The full list of commands accepted by this bot can be found here.

Needs approval from an approver in each of these files:

• geps/OWNERS

Approvers can indicate their approval by writing /approve in a comment
Approvers can cancel approval by writing /approve cancel in a comment

[interpixelstudios]

How would I handle SSL on a Kubernetes Gateway for multiple clients? My gateway currently handles HTTP traffic for [example] 20 different domains, using HTTPRoutes. On my gateway, HTTP would realistically just forward to HTTPS. No additional listeners, just the two.
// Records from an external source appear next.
lemma convex_pair_sum_polytope: "convex pair_sum_polytope"
proof (rule convexI)
  fix x y :: "real^'n" and u v :: real
  assume x: "x \<in> pair_sum_polytope" and y: "y \<in> pair_sum_polytope"
    and uv: "0 \<le> u" "0 \<le> v" "u + v = 1"
  have abs_le: "\<bar>(u *\<^sub>R x + v *\<^sub>R y)$l\<bar> \<le> u * \<bar>x$l\<bar> + v * \<bar>y$l\<bar>" for l
    using abs_triangle_ineq[of "u * x$l" "v * y$l"] uv by (simp add: abs_mult)
  show "u *\<^sub>R x + v *\<^sub>R y \<in> pair_sum_polytope"
  proof (rule pair_sum_polytopeI)
    fix i j :: 'n assume "i \<noteq> j"
    have "u * (\<bar>x$i\<bar> + \<bar>x$j\<bar>) \<le> u" "v * (\<bar>y$i\<bar> + \<bar>y$j\<bar>) \<le> v"
      using pair_sum_polytopeD[OF x \<open>i \<noteq> j\<close>] pair_sum_polytopeD[OF y \<open>i \<noteq> j\<close>] uv
      by (simp_all add: mult_left_le)
    then show "\<bar>(u *\<^sub>R x + v *\<^sub>R y)$i\<bar> + \<bar>(u *\<^sub>R x + v *\<^sub>R y)$j\<bar> \<le> 1"
      using abs_le[of i] abs_le[of j] uv(3) by (simp add: algebra_simps)
  qed
qed

lemma gauge_norm_pair_sum_polytope_eq_1:
  assumes a: "a \<in> pair_sum_polytope" and "i \<noteq> j" and "1 \<le> \<bar>a$i\<bar> + \<bar>a$j\<bar>"
  shows "gauge_norm pair_sum_polytope a = 1"
  unfolding gauge_norm_def
proof (rule cInf_eq_minimum)
  show "1 \<in> {t. t \<ge> 0 \<and> a \<in> (\<lambda>v. t *\<^sub>R v) ` pair_sum_polytope}"
    using a by simp
next
  fix t assume "t \<in> {t. t \<ge> 0 \<and> a \<in> (\<lambda>v. t *\<^sub>R v) ` pair_sum_polytope}"
  then obtain w where t0: "0 \<le> t" and w: "w \<in> pair_sum_polytope" and aw: "a = t *\<^sub>R w"
    by blast
  have "\<bar>a$i\<bar> + \<bar>a$j\<bar> = t * (\<bar>w$i\<bar> + \<bar>w$j\<bar>)"
    using aw t0 by (simp add: abs_mult algebra_simps)
  also have "\<dots> \<le> t" using t0 pair_sum_polytopeD[OF w \<open>i \<noteq> j\<close>] by (simp add: mult_left_le)
  finally show "1 \<le> t" using assms(3) by linarith
qed

lemma signed_axes_subset_pair_sum_polytope: "signed_axes \<subseteq> pair_sum_polytope"
  unfolding signed_axes_def by (auto intro!: pair_sum_polytopeI simp: axis_def)

lemma half_sign_vectors_subset_pair_sum_polytope: "half_sign_vectors \<subseteq> pair_sum_polytope"
proof
  fix v :: "real^'n" assume "v \<in> half_sign_vectors"
  then have half: "\<bar>v$i\<bar> = 1/2" for i unfolding half_sign_vectors_def by blast
  show "v \<in> pair_sum_polytope"
    by (rule pair_sum_polytopeI) (simp add: half)
qed

lemma signed_axis_extreme_point:
  assumes "CARD('n) \<ge> 2" and "\<bar>c\<bar> = 1"
  shows "axis i c extreme_point_of (pair_sum_polytope :: (real^'n) set)"
proof (rule extreme_point_of_Int_supporting_hyperplane_le[where a = "axis i c" and b = 1])
  have cc: "c * c = 1" using assms(2) by (metis abs_mult_self_eq mult_1)
  have le: "axis i c \<bullet> z \<le> 1" if "z \<in> pair_sum_polytope" for z :: "real^'n"
  proof -
    have "c * z$i \<le> \<bar>c\<bar> * \<bar>z$i\<bar>" by (metis abs_ge_self abs_mult)
    then show ?thesis
      using pair_sum_polytope_abs_le_1[OF assms(1) that, of i] assms(2) by (simp add: inner_axis')
  qed
  then show "\<And>z. z \<in> pair_sum_polytope \<Longrightarrow> axis i c \<bullet> z \<le> 1" .
  show "pair_sum_polytope \<inter> {z. axis i c \<bullet> z = 1} = {axis i c}"
  proof (intro equalityI subsetI)
    fix z :: "real^'n" assume "z \<in> pair_sum_polytope \<inter> {z. axis i c \<bullet> z = 1}"
    then have z: "z \<in> pair_sum_polytope" and czi: "c * z$i = 1" by (auto simp: inner_axis')
    then have zi: "z$i = c" using cc by (metis mult.left_commute mult_1_right)
    have "z$l = 0" if "l \<noteq> i" for l
      using pair_sum_polytopeD[OF z that[symmetric]] zi assms(2) by linarith
    with zi show "z \<in> {axis i c}" by (auto simp: vec_eq_iff axis_def)
  next
    fix z assume "z \<in> {axis i c}"
    then show "z \<in> pair_sum_polytope \<inter> {z. axis i c \<bullet> z = 1}"
      using signed_axes_subset_pair_sum_polytope assms(2) cc
      by (auto simp: signed_axes_def inner_axis_axis)
  qed
qed

lemma inner_self_half_sign_vector:
  fixes v :: "real^'n"
  assumes "v \<in> half_sign_vectors"
  shows "v \<bullet> v = CARD('n) / 4"
proof -
  have sq: "v$l * v$l = 1/4" for l
  proof -
    have half: "\<bar>v$l\<bar> = 1/2" using assms unfolding half_sign_vectors_def by blast
    have "v$l * v$l = \<bar>v$l\<bar> * \<bar>v$l\<bar>" by (rule abs_mult_self_eq[symmetric])
    also have "\<dots> = 1/2 * (1/2)" unfolding half ..
    finally show ?thesis by simp
  qed
  show ?thesis unfolding inner_vec_def inner_real_def sq by simp
qed

lemma sum_abs_lt_half_card:
  fixes z :: "real^'n"
  assumes "CARD('n) \<ge> 3" and "z \<in> pair_sum_polytope" and "z \<notin> half_sign_vectors"
  shows "(\<Sum>l\<in>UNIV. \<bar>z$l\<bar>) < CARD('n) / 2"
proof -
  obtain k where "\<bar>z$k\<bar> - 1/2 \<noteq> 0"
    using assms(3) unfolding half_sign_vectors_def by auto
  have "(\<Sum>l\<in>UNIV. \<bar>z$l\<bar> - 1/2) < 0"
  proof (rule sum_neg_if_pairwise_nonpos[OF assms(1)])
    show "\<bar>z$i\<bar> - 1/2 + (\<bar>z$j\<bar> - 1/2) \<le> 0" if "i \<noteq> j" for i j
      using pair_sum_polytopeD[OF assms(2) that] by linarith
  qed fact
  then show ?thesis by (simp add: sum_subtractf)
qed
However, on reading how to incorporate SSL into the gateway, I cannot quite figure it out. On my old Ingress Controller [HAProxy], I could just tie the cert-manager issuer to the ingress resource itself and it would issue and enforce the cert. When reading about Gateways and their deployment, it seems like you only attach SSL to the Gateway itself. Wouldn’t that lock down the SSL encompassment to only the domains defined in the cert? What would happen if I need to add domain 21, wouldn’t it make more sense to be able to attach an issuer to the HTTPRoute itself and have it resolve SSL in there? I’m just very confused on how to migrate my existing stack from Ingress to Gateway.

My Class is gke-l7-global-external-managed-mc, thanks!